Art. 8 ter: Tecnologie basate su registri distribuiti e smart contract

  1. Si definiscono «tecnologie basate su registri  distribuiti»  le tecnologie  e  i  protocolli  informatici  che  usano   un   registro condiviso,  distribuito,  replicabile,  accessibile  simultaneamente, architetturalmente decentralizzato su basi  crittografiche,  tali  da consentire  la  registrazione,  la   convalida,   l’aggiornamento   e l’archiviazione di dati sia in chiaro che ulteriormente  protetti da crittografia verificabili da ciascun partecipante, non  alterabili  e non modificabili.

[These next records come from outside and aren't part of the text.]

lemma bij_betw_S2n_edge_sums:
  assumes "bipartite_with V E X Y" and "t \<le> n"
    and "bij_betw (\<lambda>(x, y). \<phi> x + \<phi> y) (oriented_edges X Y E) {s..<s + int (card E)}"
  shows "bij_betw (\<lambda>z. \<Sum>v\<in>S2n_edge E1 z. S2n_label \<phi> n t v) (oriented_edges X Y E \<times> {0..n})
    {(int n + 1) * (s - 2) + int t + 2..<(int n + 1) * (s - 2 + int (card E)) + int t + 2}"
proof -
  define N where "N = int n + 1"
  define q where "q = int (card E)"
  define d where "d = (\<lambda>j. transpose 0 (int t) (int j))"
  have "bij_betw (\<lambda>w. w - 2) {s..<s + q} {s - 2..<s - 2 + q}"
    by (auto simp: bij_betw_def intro: image_eqI[where x = "_ + 2"])
  from bij_betw_trans[OF assms(3)[folded q_def] this]
  have "bij_betw (\<lambda>(x, y). \<phi> x + \<phi> y - 2) (oriented_edges X Y E) {s - 2..<s - 2 + q}"
    by (rule bij_betw_cong[THEN iffD1, rotated]) auto
  then have digits: "bij_betw (map_prod (\<lambda>(x, y). \<phi> x + \<phi> y - 2) d)
      (oriented_edges X Y E \<times> {0..n}) ({s - 2..<s - 2 + q} \<times> {0..<N})"
    using bij_betw_digit[OF assms(2)] by (simp add: bij_betw_map_prod d_def N_def)
  have radix: "bij_betw (\<lambda>(u, r). N * u + r) ({s - 2..<s - 2 + q} \<times> {0..<N})
      {N * (s - 2)..<N * (s - 2 + q)}"
    by (rule bij_betw_mixed_radix) (simp add: N_def)
  have shift: "bij_betw (\<lambda>w. w + int t + 2) {N * (s - 2)..<N * (s - 2 + q)}
      {N * (s - 2) + int t + 2..<N * (s - 2 + q) + int t + 2}"
    by (auto simp: bij_betw_def inj_on_def intro: image_eqI[where x = "_ - int t - 2"])
  have edge_sum: "(\<Sum>v\<in>S2n_edge E1 ((x, y), j). S2n_label \<phi> n t v)
      = (int n + 1) * (\<phi> x + \<phi> y - 2) + d j + int t + 2"
    if "((x, y), j) \<in> oriented_edges X Y E \<times> {0..n}" for x y j
  proof -
    have "x \<noteq> y" using assms(1) that by (auto simp: bipartite_with_def oriented_edges_def)
    then show ?thesis by (simp add: S2n_label_edge_sum d_def)
  qed
  from bij_betw_trans[OF bij_betw_trans[OF digits radix] shift, unfolded N_def q_def] show ?thesis
    by (rule bij_betw_cong[THEN iffD1, rotated]) (auto simp: edge_sum)
qed

lemma sem_labeling_vertex_bij:
  assumes "sem_labeling V E f k"
  shows "bij_betw (\<lambda>v. f (Inl v)) V {1..int (card V)}"
proof -
  have "bij_betw f (Inl ` V) {1..int (card V)}"
    using assms by (auto simp: sem_labeling_def bij_betw_def intro: inj_on_subset)
  then show ?thesis by (auto simp: bij_betw_def inj_on_def image_image)
qed

lemma sem_labeling_oriented_edge_sums:
  assumes "simple_graph V E" and "bipartite_with V E X Y" and "sem_labeling V E f k"
  shows "bij_betw (\<lambda>(x, y). f (Inl x) + f (Inl y)) (oriented_edges X Y E)
    {k - int (card V) - int (card E)..<k - int (card V)}"
proof -
  have "X \<inter> Y = {}" using assms(2) by (simp add: bipartite_with_def)
  then have "x \<noteq> y" if "(x, y) \<in> oriented_edges X Y E" for x y
    using that by (auto simp: oriented_edges_def)
  then have "((\<lambda>e. \<Sum>v\<in>e. f (Inl v)) \<circ> (\<lambda>(x, y). {x, y})) z = (\<lambda>(x, y). f (Inl x) + f (Inl y)) z"
    if "z \<in> oriented_edges X Y E" for z
    using that by (cases z) simp
  with bij_betw_trans[OF bij_betw_oriented_edges[OF assms(2)] sem_labeling_edge_sums[OF assms(1,3)]]
  show ?thesis by (rule bij_betw_cong[THEN iffD1, rotated])
qed

lemma S2n_valence_in_sigma:
  assumes "simple_graph V E" and "bipartite_with V E X Y" and "sem_labeling V E f k"
    and "E1 \<union> E2 = E" and "E1 \<inter> E2 = {}" and "t \<le> n"
  shows "(int n + 1) * (k - 2) + int t + 2 \<in> sigma (S2n_V X Y n) (S2n_E X Y E E1 E2 n)"
proof -
  define \<phi> where "\<phi> v = f (Inl v)" for v
  define s where "s = k - int (card V) - int (card E)"
  define m where "m = (int n + 1) * (s - 2) + int t + 2"
  define P where "P = oriented_edges X Y E"
  have "V = X \<union> Y" and "X \<inter> Y = {}" using assms(2) by (auto simp: bipartite_with_def)
  then have vertices: "S2n_V X Y n = V \<times> {0..n}" by (simp add: S2n_V_def)
  have labels: "bij_betw (S2n_label \<phi> n t) (S2n_V X Y n) {1..int (card (S2n_V X Y n))}"
    unfolding vertices \<phi>_def using sem_labeling_vertex_bij[OF assms(3)] assms(6)
    by (rule bij_betw_S2n_label)
  have "bij_betw (\<lambda>(x, y). \<phi> x + \<phi> y) (oriented_edges X Y E) {s..<s + int (card E)}"
    using sem_labeling_oriented_edge_sums[OF assms(1-3)] by (simp add: \<phi>_def s_def)
  then have "bij_betw ((\<lambda>e. \<Sum>v\<in>e. S2n_label \<phi> n t v) \<circ> S2n_edge E1) (P \<times> {0..n})
      {m..<m + (int n + 1) * int (card E)}"
    using bij_betw_S2n_edge_sums[OF assms(2,6)] by (simp add: P_def m_def comp_def algebra_simps)
  then have edge_sums: "bij_betw (\<lambda>e. \<Sum>v\<in>e. S2n_label \<phi> n t v) (S2n_E X Y E E1 E2 n)
      {m..<m + (int n + 1) * int (card E)}"
    unfolding S2n_E_eq_image[OF assms(2,4,5)] P_def[symmetric] by (rule bij_betw_image_of_comp)
  then have card_edges: "int (card (S2n_E X Y E E1 E2 n)) = (int n + 1) * int (card E)"
    by (simp add: bij_betw_same_card)
  have "x \<noteq> y" if "(x, y) \<in> P" for x y
    using that \<open>X \<inter> Y = {}\<close> by (auto simp: P_def oriented_edges_def)
  then have "\<forall>e\<in>S2n_E X Y E E1 E2 n. \<exists>x y. x \<noteq> y \<and> e = {x, y}"
    unfolding S2n_E_eq_image[OF assms(2,4,5)] P_def[symmetric] S2n_edge_def by fastforce
  then have "int (card (S2n_V X Y n)) + int (card (S2n_E X Y E E1 E2 n)) + m
      \<in> sigma (S2n_V X Y n) (S2n_E X Y E E1 E2 n)"
    by (rule sigma_if_consecutive_edge_sums[OF labels edge_sums[folded card_edges]])
  moreover have "int (card (S2n_V X Y n)) + int (card (S2n_E X Y E E1 E2 n)) + m
      = (int n + 1) * (k - 2) + int t + 2"
    by (simp add: vertices card_edges card_cartesian_product m_def s_def algebra_simps)
  ultimately show ?thesis by simp
qed

theorem mainTheorem12:
  fixes V X Y :: "'a set" and E E1 E2 :: "'a set set"
  assumes "simple_graph V E"
    and "bipartite_with V E X Y"
    and "super_edge_magic V E"
    and "E1 \<subseteq> E" and "E2 \<subseteq> E" and "E1 \<union> E2 = E" and "E1 \<inter> E2 = {}"
  shows "\<forall>M::nat. eventually
           (\<lambda>n. enat M \<le> ecard (sigma (S2n_V X Y n) (S2n_E X Y E E1 E2 n))) sequentially"
proof
  fix M :: nat
  obtain f k where labeling: "sem_labeling V E f k"
    using assms(3) by (auto simp: super_edge_magic_def)
  have "enat M \<le> ecard (sigma (S2n_V X Y n) (S2n_E X Y E E1 E2 n))" if "M \<le> n" for n
  proof -
    let ?valence = "\<lambda>t. (int n + 1) * (k - 2) + int t + 2"
    have valences: "?valence ` {0..n} \<subseteq> sigma (S2n_V X Y n) (S2n_E X Y E E1 E2 n)"
      using S2n_valence_in_sigma[OF assms(1,2) labeling assms(6,7)] by auto
    have "enat M \<le> enat (card (?valence ` {0..n}))"
      using that by (simp add: card_image inj_on_def)
    also have "\<dots> \<le> ecard (sigma (S2n_V X Y n) (S2n_E X Y E E1 E2 n))"
      using valences by (rule card_le_ecard[rotated]) simp
    finally show ?thesis .
  qed
  then show "eventually (\<lambda>n. enat M \<le> ecard (sigma (S2n_V X Y n) (S2n_E X Y E E1 E2 n))) sequentially"
    by (auto simp: eventually_sequentially)
qed

end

  2. Si definisce «smart contract» un programma per elaboratore che opera su tecnologie  basate  su  registri  distribuiti  e  la   cui esecuzione vincola automaticamente due o piu’  parti  sulla  base  di effetti predefiniti dalle stesse. Gli smart contract soddisfano il requisito della  forma  scritta  previa  identificazione  informatica delle parti interessate, attraverso un processo  avente  i  requisiti fissati  dall’Agenzia  per  l’Italia  digitale  con  linee  guida  da adottare entro novanta giorni dalla data di entrata in  vigore  della legge di conversione del presente decreto.

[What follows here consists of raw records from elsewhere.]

lemma bvi_L_guaranteed:
  fixes \<delta> :: "'s::finite \<Rightarrow> 'a::finite \<Rightarrow> 's pmf" and T :: "'n::finite \<Rightarrow> 's set"
  assumes Av: "\<And>s. Av s \<noteq> {}" and v: "v \<in> bvi_L Smax Av \<delta> T j s"
  shows "\<exists>\<sigma>. is_strategy Av Smax \<sigma> \<and> (\<forall>\<tau>. is_strategy Av (-Smax) \<tau> \<longrightarrow>
    (\<forall>i. v $ i \<le> reach_prob_upto Smax \<delta> \<sigma> \<tau> h s j (T i)))"
  using v
proof (induction j arbitrary: h s v)
  case 0
  then have "v = 0" by (simp add: bvi_L_def)
  then show ?case using reach_prob_upto_nonneg
    by (intro exI[of _ "pure_strat (some_action Av)"]) (auto simp: some_action_mem Av)
next
  case (Suc j)
  let ?L = "bvi_L Smax Av \<delta> T j"
  have L: "convex_lower_set (?L t)" for t by (rule convex_lower_set_bvi_L[OF Av])
  have "v \<in> bellman Smax Av \<delta> T ?L s" using Suc.prems by (simp add: bvi_L_def)
  then obtain p W where p: "set_pmf p \<subseteq> Av s" and W: "\<And>a t. W a t \<in> ?L t"
    and le: "\<And>q i. set_pmf q \<subseteq> Av s \<Longrightarrow> s \<notin> T i
      \<Longrightarrow> v $ i \<le> (\<Sum>a\<in>UNIV. pmf (if s \<in> Smax then p else q) a * pmf_mean (\<delta> s a) (W a) $ i)"
    by (rule bellman_le_mean[where Av = Av and L = ?L, OF L Av]) blast
  have "\<forall>a t. \<exists>\<sigma>. is_strategy Av Smax \<sigma> \<and> (\<forall>\<tau>. is_strategy Av (-Smax) \<tau> \<longrightarrow>
      (\<forall>i. W a t $ i \<le> reach_prob_upto Smax \<delta> \<sigma> \<tau> (h @ [(s, a)]) t j (T i)))"
    using Suc.IH[OF W] by blast
  then obtain F where F: "\<And>a t. is_strategy Av Smax (F a t)"
    and FW: "\<And>a t \<tau> i. is_strategy Av (-Smax) \<tau> \<Longrightarrow>
      W a t $ i \<le> reach_prob_upto Smax \<delta> (F a t) \<tau> (h @ [(s, a)]) t j (T i)"
    by metis
  define \<sigma> where "\<sigma> = graft h s p F (pure_strat (some_action Av))"
  have "is_strategy Av Smax \<sigma>"
    unfolding \<sigma>_def using F p by (intro is_strategy_graft) (auto simp: some_action_mem Av)
  moreover have "v $ i \<le> reach_prob_upto Smax \<delta> \<sigma> \<tau> h s (Suc j) (T i)"
    if \<tau>: "is_strategy Av (-Smax) \<tau>" for \<tau> i
  proof (cases "s \<in> T i")
    case True
    have "v \<in> {0..1}" using Suc.prems convex_lower_set_bvi_L[of Av, OF Av] unfolding convex_lower_set_def by blast
    then show ?thesis using True by (simp add: less_eq_vec_def)
  next
    case False
    let ?q = "act_pmf Smax \<sigma> \<tau> h s"
    have "set_pmf ?q \<subseteq> Av s" using p \<tau> by (auto simp: act_pmf_def \<sigma>_def is_strategy_def)
    moreover have "(if s \<in> Smax then p else ?q) = ?q" by (simp add: act_pmf_def \<sigma>_def)
    ultimately have "v $ i \<le> (\<Sum>a\<in>UNIV. pmf ?q a * (\<Sum>t\<in>UNIV. pmf (\<delta> s a) t * W a t $ i))"
      using le[of ?q i] False by (simp add: pmf_mean_component)
    also have "\<dots> \<le> reach_prob_upto Smax \<delta> \<sigma> \<tau> h s (Suc j) (T i)"
      unfolding \<sigma>_def using False FW[OF \<tau>] by (rule reach_prob_upto_graft_ge)
    finally show ?thesis .
  qed
  ultimately show ?case by blast
qed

  3. La memorizzazione di un documento informatico attraverso l’uso di tecnologie basate su registri  distribuiti  produce  gli  effetti giuridici della validazione temporale elettronica di cui all’articolo 41 del regolamento (UE) n. 910/2014  del  Parlamento  europeo  e  del Consiglio, del 23 luglio 2014.
  4. Entro novanta giorni dalla data di entrata in vigore della legge di conversione del presente decreto, l’Agenzia per l’Italia digitale individua gli standard tecnici che le tecnologie basate su registri distribuiti debbono possedere ai fini della produzione degli  effetti di cui al comma 3. )

Si tratta di una norma particolarmente importante e all’avanguardia, poiché costituisce uno dei primi riconoscimenti normativi, anche a livello europeo, di un fenomeno crescente e sotto certi aspetti problematico, quanto meno dal punto di vista giuridico e sistematico.